## Supplied records

········

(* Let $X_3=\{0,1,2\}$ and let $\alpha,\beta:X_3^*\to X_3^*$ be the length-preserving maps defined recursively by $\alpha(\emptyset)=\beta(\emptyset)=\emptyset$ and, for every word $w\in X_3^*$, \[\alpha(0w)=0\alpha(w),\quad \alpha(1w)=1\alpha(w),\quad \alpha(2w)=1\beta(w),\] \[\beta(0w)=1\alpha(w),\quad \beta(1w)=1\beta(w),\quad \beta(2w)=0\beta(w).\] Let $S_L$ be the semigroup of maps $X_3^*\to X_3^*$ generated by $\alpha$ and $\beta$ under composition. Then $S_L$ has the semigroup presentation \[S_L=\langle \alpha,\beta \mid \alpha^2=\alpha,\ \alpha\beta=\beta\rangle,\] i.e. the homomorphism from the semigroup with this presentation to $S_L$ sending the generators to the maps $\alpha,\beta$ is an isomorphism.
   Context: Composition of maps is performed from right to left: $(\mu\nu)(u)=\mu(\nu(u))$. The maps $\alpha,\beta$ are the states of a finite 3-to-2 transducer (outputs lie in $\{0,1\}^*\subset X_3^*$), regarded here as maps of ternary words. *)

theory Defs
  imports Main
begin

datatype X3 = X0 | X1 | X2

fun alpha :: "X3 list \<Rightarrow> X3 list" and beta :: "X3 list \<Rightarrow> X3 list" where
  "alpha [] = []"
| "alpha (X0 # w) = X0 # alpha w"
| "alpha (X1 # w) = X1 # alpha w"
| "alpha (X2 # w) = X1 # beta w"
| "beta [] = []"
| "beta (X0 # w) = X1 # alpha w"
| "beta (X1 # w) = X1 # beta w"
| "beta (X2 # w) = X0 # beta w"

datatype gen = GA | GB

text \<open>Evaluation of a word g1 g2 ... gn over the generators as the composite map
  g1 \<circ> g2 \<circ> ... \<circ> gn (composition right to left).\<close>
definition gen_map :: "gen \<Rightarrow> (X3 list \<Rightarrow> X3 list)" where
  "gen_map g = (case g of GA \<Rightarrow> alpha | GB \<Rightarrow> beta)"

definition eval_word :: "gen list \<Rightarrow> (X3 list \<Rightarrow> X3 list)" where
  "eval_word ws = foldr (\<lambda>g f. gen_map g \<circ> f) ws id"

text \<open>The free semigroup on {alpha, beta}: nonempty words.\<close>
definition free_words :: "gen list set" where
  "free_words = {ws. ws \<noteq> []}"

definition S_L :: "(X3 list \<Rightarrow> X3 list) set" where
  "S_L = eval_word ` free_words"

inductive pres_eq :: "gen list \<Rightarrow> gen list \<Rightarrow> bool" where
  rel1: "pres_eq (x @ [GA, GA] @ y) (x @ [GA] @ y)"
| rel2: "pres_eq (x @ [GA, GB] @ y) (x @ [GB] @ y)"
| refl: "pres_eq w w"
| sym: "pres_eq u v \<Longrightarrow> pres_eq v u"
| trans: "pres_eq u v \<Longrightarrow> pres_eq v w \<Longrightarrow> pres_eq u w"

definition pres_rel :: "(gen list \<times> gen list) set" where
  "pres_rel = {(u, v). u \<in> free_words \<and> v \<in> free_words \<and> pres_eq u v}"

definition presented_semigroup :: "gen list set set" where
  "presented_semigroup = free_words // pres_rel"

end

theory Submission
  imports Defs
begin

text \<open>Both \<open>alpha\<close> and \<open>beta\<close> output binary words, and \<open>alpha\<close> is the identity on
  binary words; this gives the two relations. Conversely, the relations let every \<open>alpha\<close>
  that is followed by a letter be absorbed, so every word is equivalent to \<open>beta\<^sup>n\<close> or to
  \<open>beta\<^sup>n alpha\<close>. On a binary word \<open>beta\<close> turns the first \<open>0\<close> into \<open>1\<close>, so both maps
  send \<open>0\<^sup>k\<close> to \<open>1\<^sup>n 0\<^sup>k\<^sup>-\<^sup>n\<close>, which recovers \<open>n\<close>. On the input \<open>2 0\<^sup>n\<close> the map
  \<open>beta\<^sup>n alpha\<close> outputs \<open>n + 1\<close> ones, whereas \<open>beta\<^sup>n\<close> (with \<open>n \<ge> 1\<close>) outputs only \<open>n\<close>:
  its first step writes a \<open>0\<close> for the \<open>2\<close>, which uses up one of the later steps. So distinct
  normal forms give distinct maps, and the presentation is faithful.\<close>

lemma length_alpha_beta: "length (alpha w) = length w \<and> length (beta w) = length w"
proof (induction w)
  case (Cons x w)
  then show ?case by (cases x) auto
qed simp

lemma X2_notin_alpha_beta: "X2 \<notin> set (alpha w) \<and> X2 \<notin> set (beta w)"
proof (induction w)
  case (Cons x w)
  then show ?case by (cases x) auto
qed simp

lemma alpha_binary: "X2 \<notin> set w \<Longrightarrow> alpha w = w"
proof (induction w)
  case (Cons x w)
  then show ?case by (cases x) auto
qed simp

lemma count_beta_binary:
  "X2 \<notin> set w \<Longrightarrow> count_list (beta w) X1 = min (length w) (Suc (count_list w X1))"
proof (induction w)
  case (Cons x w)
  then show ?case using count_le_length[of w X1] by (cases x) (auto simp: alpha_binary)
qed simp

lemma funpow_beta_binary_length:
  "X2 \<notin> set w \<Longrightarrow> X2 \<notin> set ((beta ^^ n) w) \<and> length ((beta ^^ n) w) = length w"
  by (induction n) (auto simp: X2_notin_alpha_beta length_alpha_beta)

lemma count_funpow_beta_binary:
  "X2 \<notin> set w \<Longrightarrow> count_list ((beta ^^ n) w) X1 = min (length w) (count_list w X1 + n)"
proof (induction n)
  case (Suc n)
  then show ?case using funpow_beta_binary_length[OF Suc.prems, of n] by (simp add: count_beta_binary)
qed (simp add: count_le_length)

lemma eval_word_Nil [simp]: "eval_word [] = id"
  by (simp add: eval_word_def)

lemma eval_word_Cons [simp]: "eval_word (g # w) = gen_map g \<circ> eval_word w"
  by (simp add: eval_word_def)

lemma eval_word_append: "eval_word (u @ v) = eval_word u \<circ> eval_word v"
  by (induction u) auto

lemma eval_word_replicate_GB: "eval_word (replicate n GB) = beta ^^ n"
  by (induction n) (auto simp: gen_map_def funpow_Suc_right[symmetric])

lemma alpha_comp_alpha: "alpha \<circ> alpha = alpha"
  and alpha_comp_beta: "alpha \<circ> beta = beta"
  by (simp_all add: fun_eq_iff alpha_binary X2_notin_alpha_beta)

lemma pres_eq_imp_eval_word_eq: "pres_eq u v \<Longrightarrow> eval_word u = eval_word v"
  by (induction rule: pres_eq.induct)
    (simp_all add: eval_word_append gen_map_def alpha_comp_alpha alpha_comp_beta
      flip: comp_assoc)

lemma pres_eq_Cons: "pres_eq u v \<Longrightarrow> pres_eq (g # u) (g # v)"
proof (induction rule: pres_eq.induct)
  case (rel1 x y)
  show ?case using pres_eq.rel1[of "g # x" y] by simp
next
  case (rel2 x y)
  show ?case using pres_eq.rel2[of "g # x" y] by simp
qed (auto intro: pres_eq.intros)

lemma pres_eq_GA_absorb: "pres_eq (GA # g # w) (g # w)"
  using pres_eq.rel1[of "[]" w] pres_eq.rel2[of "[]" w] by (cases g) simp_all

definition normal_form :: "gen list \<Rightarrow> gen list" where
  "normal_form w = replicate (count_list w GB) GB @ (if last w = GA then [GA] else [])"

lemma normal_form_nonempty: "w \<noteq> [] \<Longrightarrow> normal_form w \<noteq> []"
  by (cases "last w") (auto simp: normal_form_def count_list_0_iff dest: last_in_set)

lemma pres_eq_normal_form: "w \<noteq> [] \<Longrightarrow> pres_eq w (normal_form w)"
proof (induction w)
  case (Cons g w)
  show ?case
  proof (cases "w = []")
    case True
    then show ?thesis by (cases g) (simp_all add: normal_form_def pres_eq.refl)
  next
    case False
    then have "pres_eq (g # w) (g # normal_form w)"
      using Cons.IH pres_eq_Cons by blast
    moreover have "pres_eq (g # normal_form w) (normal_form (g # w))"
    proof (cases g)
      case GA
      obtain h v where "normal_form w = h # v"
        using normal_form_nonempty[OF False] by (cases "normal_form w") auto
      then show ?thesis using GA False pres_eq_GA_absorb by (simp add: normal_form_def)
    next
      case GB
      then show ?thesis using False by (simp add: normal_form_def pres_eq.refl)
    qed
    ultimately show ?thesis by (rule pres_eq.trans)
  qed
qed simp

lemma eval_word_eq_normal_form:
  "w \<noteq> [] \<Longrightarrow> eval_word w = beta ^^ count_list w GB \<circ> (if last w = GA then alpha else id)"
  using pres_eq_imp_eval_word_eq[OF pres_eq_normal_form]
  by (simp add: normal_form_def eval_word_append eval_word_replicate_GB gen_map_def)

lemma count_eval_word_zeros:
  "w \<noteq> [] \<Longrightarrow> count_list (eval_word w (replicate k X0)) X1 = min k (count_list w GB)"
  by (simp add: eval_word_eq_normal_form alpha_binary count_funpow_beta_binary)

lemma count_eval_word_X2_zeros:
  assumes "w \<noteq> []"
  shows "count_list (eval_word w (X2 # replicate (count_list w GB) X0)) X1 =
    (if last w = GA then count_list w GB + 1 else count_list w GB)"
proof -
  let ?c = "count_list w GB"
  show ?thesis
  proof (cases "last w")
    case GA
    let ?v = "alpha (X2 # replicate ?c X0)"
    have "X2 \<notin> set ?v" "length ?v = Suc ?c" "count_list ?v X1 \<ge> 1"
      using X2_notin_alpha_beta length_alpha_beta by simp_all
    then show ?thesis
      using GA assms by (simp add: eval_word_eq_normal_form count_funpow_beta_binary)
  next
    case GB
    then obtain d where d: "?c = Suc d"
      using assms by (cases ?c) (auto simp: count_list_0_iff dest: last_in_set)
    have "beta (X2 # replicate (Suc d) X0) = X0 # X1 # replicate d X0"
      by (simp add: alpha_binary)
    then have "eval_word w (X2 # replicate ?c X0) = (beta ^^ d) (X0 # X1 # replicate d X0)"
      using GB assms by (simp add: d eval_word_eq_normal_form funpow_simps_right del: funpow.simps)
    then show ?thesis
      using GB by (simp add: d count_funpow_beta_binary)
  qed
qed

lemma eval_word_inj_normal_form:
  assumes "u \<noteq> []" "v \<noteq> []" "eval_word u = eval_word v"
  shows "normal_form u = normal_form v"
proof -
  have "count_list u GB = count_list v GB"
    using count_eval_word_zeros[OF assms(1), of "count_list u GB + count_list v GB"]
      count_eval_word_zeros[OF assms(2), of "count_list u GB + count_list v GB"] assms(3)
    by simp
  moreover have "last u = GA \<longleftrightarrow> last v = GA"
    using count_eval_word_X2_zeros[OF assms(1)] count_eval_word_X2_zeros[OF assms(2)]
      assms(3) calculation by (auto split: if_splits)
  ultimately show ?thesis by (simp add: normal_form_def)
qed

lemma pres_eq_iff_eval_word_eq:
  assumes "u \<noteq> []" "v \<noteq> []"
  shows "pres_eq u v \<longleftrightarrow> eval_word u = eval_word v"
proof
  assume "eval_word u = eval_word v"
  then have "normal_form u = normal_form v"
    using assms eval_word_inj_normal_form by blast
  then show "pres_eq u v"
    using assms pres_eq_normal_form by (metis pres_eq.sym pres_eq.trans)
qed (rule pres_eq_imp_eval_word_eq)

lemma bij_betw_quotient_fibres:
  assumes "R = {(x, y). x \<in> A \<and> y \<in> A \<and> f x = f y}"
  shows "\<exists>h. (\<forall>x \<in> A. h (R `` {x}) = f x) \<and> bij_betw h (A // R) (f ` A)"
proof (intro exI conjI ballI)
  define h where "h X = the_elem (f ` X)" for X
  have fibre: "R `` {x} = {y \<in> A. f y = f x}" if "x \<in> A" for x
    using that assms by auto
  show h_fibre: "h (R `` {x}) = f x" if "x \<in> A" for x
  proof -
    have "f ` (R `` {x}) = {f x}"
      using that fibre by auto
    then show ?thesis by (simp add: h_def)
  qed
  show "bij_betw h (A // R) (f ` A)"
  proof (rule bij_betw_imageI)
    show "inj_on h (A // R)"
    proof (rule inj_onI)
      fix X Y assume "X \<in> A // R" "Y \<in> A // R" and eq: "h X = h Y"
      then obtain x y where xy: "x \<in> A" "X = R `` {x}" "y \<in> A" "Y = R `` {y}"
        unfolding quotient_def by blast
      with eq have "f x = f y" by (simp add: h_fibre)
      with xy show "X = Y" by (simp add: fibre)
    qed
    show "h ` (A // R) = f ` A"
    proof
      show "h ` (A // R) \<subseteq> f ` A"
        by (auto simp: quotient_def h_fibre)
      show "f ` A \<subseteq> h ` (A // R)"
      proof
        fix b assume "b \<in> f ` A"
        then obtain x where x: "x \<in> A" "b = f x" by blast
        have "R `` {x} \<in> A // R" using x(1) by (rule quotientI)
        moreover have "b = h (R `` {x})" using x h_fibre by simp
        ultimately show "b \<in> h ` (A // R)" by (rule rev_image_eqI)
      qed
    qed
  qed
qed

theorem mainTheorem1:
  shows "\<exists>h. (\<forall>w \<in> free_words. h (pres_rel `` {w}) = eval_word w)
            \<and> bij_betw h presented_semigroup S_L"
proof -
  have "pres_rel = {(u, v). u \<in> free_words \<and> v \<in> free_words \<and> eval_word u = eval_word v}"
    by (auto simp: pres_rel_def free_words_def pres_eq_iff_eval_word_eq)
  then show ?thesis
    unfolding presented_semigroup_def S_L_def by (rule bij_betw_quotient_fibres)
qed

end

········

## What this task involves
Could you set down, word for word, only the lines above from the line with "count_list ((beta ^^" to the line with "qed (simp add: count_le_length)", including both?

## Output
  "X2 \<notin> set w \<Longrightarrow> count_list ((beta ^^ n) w) X1 = min (length w) (count_list w X1 + n)"
proof (induction n)
  case (Suc n)
  then show ?case using funpow_beta_binary_length[OF Suc.prems, of n] by (simp add: count_beta_binary)
qed (simp add: count_le_length)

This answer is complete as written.